___ Extracted records ___

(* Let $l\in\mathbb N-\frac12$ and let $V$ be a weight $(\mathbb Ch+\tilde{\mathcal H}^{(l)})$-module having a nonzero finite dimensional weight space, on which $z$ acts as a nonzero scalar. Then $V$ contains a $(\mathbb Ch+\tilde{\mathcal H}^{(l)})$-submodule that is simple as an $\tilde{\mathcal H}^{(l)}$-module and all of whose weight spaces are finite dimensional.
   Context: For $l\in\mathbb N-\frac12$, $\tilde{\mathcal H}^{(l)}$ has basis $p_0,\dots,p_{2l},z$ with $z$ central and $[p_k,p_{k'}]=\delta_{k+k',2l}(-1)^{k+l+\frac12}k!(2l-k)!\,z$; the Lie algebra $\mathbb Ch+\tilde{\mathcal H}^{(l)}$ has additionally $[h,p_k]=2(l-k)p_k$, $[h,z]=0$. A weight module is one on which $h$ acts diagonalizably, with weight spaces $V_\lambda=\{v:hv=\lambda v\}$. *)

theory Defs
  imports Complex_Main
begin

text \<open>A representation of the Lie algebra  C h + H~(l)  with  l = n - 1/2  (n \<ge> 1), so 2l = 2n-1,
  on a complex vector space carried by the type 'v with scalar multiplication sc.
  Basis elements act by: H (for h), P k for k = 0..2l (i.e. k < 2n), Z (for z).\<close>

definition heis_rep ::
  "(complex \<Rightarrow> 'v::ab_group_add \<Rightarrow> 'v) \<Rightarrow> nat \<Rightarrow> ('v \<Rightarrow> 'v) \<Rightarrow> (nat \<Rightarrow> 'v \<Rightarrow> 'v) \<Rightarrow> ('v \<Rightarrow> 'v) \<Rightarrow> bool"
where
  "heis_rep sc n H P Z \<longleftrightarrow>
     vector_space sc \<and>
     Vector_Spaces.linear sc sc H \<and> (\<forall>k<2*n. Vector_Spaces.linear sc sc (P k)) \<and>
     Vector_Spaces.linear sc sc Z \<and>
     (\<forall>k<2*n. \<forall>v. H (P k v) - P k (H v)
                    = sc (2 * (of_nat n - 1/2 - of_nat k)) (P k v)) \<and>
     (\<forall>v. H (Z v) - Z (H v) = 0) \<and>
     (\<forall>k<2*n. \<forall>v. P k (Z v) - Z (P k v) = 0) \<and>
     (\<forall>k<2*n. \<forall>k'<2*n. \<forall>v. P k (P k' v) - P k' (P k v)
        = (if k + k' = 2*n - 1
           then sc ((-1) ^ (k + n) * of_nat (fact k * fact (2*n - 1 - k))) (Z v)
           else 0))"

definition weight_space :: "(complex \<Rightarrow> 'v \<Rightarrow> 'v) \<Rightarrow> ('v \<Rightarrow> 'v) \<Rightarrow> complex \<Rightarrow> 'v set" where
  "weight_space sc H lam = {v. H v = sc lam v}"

___

# Problem statement
Output exactly what runs from the line with "Vector_Spaces.linear sc sc Z \<and>" to the final line above, both lines included, and nothing else.

# Output for this task
     Vector_Spaces.linear sc sc Z \<and>
     (\<forall>k<2*n. \<forall>v. H (P k v) - P k (H v)
                    = sc (2 * (of_nat n - 1/2 - of_nat k)) (P k v)) \<and>
     (\<forall>v. H (Z v) - Z (H v) = 0) \<and>
     (\<forall>k<2*n. \<forall>v. P k (Z v) - Z (P k v) = 0) \<and>
     (\<forall>k<2*n. \<forall>k'<2*n. \<forall>v. P k (P k' v) - P k' (P k v)
        = (if k + k' = 2*n - 1
           then sc ((-1) ^ (k + n) * of_nat (fact k * fact (2*n - 1 - k))) (Z v)
           else 0))"

definition weight_space :: "(complex \<Rightarrow> 'v \<Rightarrow> 'v) \<Rightarrow> ('v \<Rightarrow> 'v) \<Rightarrow> complex \<Rightarrow> 'v set" where
  "weight_space sc H lam = {v. H v = sc lam v}"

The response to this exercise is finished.